◆ Activity
Copy every line of the data that includes the string "then".

◆ Exercise input
====================

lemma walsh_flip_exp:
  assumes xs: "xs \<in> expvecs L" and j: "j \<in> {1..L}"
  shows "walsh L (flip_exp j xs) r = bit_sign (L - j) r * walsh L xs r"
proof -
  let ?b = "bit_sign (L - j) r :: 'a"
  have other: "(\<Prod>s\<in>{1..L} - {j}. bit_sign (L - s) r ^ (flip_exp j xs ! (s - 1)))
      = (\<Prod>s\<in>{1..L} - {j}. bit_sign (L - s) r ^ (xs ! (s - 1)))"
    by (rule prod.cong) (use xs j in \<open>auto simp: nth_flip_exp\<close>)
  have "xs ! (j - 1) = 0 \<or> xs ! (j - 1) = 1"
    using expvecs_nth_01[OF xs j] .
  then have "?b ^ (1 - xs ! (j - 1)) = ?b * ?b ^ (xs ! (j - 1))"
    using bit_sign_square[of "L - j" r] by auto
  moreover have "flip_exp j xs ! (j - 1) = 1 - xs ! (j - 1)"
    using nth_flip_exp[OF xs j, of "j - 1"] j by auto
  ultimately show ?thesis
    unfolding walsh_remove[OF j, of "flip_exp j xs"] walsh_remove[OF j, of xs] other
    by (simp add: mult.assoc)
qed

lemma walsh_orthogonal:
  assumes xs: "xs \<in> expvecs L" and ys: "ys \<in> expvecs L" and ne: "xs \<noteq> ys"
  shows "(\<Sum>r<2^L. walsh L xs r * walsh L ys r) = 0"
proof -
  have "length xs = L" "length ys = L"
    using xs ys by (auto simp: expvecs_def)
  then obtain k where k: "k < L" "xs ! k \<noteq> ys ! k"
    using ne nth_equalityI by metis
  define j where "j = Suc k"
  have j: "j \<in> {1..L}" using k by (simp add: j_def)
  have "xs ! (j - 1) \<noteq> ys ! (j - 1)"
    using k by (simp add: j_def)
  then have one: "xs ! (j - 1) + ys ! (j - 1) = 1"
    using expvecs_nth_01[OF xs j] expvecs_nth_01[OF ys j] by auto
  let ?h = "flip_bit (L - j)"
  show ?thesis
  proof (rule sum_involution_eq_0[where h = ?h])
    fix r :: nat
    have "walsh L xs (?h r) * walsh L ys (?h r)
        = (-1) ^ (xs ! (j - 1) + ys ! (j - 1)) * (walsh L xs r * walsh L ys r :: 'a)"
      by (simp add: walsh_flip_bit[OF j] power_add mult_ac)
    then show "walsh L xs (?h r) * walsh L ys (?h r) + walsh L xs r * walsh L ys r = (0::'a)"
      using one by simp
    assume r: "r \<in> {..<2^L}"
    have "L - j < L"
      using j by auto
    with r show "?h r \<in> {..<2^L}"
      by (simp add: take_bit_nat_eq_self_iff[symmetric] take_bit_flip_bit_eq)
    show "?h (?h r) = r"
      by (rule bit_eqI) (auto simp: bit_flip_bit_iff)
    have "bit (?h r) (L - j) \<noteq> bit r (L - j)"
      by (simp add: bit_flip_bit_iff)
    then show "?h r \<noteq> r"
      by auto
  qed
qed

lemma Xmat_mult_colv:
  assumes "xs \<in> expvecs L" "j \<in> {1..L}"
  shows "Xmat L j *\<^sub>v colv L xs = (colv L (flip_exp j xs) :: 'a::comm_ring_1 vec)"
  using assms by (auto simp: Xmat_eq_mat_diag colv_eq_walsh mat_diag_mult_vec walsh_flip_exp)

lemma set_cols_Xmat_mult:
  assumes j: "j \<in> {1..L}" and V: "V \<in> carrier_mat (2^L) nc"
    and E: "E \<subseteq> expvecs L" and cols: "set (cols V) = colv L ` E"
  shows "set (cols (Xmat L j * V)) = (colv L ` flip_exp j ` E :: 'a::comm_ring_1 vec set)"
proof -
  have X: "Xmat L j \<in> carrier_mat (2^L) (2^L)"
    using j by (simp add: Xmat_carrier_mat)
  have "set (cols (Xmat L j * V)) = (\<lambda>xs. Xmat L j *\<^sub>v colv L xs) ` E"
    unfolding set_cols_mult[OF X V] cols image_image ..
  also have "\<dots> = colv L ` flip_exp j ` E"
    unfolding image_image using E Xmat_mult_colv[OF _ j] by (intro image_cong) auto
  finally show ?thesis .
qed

====================

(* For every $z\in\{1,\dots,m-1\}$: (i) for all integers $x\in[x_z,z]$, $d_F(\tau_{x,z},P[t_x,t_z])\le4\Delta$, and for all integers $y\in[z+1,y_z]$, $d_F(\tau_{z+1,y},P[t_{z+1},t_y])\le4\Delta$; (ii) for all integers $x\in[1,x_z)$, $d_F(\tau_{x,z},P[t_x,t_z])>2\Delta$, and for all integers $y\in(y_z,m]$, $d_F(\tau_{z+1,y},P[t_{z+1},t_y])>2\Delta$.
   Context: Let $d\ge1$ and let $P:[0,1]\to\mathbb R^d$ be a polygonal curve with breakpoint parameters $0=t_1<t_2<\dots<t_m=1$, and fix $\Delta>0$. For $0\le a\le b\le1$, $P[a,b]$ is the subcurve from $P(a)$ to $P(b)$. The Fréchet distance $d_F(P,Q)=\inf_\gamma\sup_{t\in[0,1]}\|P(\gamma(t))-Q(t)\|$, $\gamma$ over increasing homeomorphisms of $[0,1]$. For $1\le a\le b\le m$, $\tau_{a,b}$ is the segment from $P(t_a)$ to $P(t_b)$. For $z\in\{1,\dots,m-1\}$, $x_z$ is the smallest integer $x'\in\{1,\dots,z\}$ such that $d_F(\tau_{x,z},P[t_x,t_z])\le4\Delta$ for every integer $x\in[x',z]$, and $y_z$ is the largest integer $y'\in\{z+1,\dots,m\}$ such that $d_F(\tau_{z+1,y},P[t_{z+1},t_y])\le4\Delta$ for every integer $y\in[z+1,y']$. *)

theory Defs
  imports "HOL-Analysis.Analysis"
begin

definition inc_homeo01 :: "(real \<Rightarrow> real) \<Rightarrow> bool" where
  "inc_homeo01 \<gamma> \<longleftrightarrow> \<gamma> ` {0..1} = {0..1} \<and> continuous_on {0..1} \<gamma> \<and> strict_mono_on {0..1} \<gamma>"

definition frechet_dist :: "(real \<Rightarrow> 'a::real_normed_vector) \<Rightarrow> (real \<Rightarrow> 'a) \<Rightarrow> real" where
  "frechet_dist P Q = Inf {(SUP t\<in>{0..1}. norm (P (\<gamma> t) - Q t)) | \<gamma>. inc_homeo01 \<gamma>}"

====================

◆ Output below
  then have "?b ^ (1 - xs ! (j - 1)) = ?b * ?b ^ (xs ! (j - 1))"
  then obtain k where k: "k < L" "xs ! k \<noteq> ys ! k"
  then have one: "xs ! (j - 1) + ys ! (j - 1) = 1"
    then show "walsh L xs (?h r) * walsh L ys (?h r) + walsh L xs r * walsh L ys r = (0::'a)"
    then show "?h r \<noteq> r"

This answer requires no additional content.